> _What is expected_
Once the line containing "section \<open>Minkowski geometry" is found in the entries below, reproduce it and every line after it, stopping at and including the line containing "from arg_cong[OF this, of"; reproduce nothing else, and keep each line exact.

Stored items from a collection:
········

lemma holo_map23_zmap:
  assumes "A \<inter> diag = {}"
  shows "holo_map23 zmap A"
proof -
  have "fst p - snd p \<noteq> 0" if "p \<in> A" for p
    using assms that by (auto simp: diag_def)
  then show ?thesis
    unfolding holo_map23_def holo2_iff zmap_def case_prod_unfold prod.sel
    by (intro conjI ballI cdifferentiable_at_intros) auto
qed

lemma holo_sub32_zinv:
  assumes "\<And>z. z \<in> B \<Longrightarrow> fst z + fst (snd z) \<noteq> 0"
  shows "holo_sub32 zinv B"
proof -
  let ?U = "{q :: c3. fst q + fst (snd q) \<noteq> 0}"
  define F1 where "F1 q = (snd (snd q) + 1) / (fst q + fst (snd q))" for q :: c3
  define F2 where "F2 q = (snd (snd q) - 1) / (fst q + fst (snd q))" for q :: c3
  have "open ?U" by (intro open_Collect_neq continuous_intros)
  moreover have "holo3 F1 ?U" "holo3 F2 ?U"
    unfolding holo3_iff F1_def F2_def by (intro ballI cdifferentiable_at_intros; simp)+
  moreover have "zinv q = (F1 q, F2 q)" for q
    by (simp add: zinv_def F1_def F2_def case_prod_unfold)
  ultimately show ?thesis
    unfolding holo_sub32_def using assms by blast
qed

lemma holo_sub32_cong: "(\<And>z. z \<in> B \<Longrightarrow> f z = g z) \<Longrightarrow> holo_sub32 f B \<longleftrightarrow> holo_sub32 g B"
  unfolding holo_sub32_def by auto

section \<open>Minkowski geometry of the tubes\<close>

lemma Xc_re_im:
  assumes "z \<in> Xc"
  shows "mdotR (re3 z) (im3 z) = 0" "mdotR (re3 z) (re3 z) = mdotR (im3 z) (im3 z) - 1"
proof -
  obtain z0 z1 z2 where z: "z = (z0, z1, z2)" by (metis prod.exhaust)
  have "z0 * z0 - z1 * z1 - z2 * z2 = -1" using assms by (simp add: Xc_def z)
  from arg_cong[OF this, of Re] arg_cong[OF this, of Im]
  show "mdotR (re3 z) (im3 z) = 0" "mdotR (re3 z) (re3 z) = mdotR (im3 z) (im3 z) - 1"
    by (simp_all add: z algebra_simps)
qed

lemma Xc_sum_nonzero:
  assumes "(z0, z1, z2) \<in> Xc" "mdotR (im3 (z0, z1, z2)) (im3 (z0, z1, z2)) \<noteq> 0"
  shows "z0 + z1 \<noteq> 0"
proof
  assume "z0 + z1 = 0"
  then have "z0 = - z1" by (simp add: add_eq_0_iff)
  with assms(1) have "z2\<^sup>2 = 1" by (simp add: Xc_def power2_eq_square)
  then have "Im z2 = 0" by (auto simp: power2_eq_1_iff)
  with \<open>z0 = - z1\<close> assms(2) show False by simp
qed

········

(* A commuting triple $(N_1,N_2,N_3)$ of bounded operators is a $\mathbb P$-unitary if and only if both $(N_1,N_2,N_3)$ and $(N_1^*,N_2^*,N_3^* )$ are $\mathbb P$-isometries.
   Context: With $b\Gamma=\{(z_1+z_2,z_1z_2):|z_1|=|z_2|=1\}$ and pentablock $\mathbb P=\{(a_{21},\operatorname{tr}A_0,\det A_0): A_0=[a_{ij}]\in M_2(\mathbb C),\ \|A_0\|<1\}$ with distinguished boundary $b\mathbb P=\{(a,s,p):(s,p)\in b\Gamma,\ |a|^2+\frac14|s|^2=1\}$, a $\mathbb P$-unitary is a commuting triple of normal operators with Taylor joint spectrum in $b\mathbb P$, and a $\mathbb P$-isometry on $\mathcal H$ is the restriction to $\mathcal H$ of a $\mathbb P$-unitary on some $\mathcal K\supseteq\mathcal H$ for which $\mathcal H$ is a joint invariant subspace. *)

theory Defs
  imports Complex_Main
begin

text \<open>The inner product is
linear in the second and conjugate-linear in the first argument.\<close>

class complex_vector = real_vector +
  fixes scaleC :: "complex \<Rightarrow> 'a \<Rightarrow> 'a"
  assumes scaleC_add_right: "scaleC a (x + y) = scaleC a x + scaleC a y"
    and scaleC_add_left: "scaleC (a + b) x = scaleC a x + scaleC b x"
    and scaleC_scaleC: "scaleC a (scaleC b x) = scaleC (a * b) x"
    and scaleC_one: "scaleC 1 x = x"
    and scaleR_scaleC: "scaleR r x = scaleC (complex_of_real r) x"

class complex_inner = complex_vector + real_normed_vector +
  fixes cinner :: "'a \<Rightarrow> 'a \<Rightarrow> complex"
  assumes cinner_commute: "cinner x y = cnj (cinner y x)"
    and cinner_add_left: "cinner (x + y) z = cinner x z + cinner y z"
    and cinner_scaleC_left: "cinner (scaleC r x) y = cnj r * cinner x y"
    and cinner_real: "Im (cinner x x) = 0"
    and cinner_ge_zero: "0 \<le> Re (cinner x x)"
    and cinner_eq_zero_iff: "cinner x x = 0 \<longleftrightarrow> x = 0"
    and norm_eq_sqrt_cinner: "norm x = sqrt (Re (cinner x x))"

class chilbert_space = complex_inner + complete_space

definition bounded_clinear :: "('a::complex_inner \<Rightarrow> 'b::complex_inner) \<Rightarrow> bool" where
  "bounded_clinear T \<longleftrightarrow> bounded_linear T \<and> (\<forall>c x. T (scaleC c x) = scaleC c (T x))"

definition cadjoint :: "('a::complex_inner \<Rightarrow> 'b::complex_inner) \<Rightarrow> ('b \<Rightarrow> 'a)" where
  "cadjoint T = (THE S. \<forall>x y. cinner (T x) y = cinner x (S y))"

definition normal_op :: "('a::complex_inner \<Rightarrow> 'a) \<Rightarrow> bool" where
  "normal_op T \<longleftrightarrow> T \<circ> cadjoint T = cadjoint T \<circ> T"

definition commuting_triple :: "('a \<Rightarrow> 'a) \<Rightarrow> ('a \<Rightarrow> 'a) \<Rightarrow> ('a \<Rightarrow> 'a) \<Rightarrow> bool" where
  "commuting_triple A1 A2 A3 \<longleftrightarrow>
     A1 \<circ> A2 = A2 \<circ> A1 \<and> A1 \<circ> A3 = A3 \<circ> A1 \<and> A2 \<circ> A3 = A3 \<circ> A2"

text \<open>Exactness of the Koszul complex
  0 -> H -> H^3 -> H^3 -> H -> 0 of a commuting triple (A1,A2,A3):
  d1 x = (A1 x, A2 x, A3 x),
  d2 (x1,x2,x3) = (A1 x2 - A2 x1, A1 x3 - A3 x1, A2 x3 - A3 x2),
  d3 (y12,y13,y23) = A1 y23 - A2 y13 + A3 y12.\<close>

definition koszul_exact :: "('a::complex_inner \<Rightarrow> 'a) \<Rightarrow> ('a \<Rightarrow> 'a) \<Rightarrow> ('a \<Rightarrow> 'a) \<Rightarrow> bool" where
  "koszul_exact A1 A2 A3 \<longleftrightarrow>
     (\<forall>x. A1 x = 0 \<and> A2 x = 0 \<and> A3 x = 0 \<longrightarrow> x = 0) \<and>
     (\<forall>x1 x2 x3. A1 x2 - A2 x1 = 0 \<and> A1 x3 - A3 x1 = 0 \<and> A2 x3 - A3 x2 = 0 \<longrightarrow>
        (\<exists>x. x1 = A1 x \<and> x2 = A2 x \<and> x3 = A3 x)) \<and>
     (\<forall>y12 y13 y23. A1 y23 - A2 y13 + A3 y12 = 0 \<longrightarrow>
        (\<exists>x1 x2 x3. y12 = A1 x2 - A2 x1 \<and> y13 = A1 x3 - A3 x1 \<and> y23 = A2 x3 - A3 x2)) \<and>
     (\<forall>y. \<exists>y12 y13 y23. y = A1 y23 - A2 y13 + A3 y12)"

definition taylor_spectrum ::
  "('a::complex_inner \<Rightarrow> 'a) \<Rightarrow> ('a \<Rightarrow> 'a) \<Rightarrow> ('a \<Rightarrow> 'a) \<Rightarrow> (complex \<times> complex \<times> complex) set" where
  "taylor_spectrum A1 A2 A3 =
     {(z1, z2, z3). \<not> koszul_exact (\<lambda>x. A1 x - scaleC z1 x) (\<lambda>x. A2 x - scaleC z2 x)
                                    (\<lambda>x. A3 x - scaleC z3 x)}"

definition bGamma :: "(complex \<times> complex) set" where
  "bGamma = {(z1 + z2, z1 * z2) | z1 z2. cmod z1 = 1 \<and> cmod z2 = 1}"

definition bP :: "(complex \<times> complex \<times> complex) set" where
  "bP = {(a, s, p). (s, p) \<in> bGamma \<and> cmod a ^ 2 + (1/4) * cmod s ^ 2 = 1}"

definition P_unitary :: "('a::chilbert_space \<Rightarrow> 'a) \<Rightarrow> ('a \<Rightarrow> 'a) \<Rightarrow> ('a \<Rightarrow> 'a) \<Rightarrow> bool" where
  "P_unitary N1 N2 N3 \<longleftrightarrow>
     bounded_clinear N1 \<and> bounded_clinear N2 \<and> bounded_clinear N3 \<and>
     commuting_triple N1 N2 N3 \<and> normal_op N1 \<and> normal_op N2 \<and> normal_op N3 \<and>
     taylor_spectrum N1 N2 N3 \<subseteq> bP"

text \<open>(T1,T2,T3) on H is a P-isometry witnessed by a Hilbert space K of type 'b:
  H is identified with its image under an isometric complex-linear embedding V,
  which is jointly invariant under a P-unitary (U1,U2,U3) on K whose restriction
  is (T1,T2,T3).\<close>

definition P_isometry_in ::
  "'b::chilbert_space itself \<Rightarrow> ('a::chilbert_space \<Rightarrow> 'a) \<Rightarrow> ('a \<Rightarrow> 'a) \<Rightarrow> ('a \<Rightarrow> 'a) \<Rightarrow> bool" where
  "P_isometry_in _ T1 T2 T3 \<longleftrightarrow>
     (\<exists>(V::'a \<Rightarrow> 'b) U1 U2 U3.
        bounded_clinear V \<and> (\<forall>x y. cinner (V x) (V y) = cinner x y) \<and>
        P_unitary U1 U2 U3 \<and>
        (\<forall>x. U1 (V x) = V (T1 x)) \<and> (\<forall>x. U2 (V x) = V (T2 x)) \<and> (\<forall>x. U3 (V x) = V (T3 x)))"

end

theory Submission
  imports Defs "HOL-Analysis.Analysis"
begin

········

> _Response to the exercise_
section \<open>Minkowski geometry of the tubes\<close>

lemma Xc_re_im:
  assumes "z \<in> Xc"
  shows "mdotR (re3 z) (im3 z) = 0" "mdotR (re3 z) (re3 z) = mdotR (im3 z) (im3 z) - 1"
proof -
  obtain z0 z1 z2 where z: "z = (z0, z1, z2)" by (metis prod.exhaust)
  have "z0 * z0 - z1 * z1 - z2 * z2 = -1" using assms by (simp add: Xc_def z)
  from arg_cong[OF this, of Re] arg_cong[OF this, of Im]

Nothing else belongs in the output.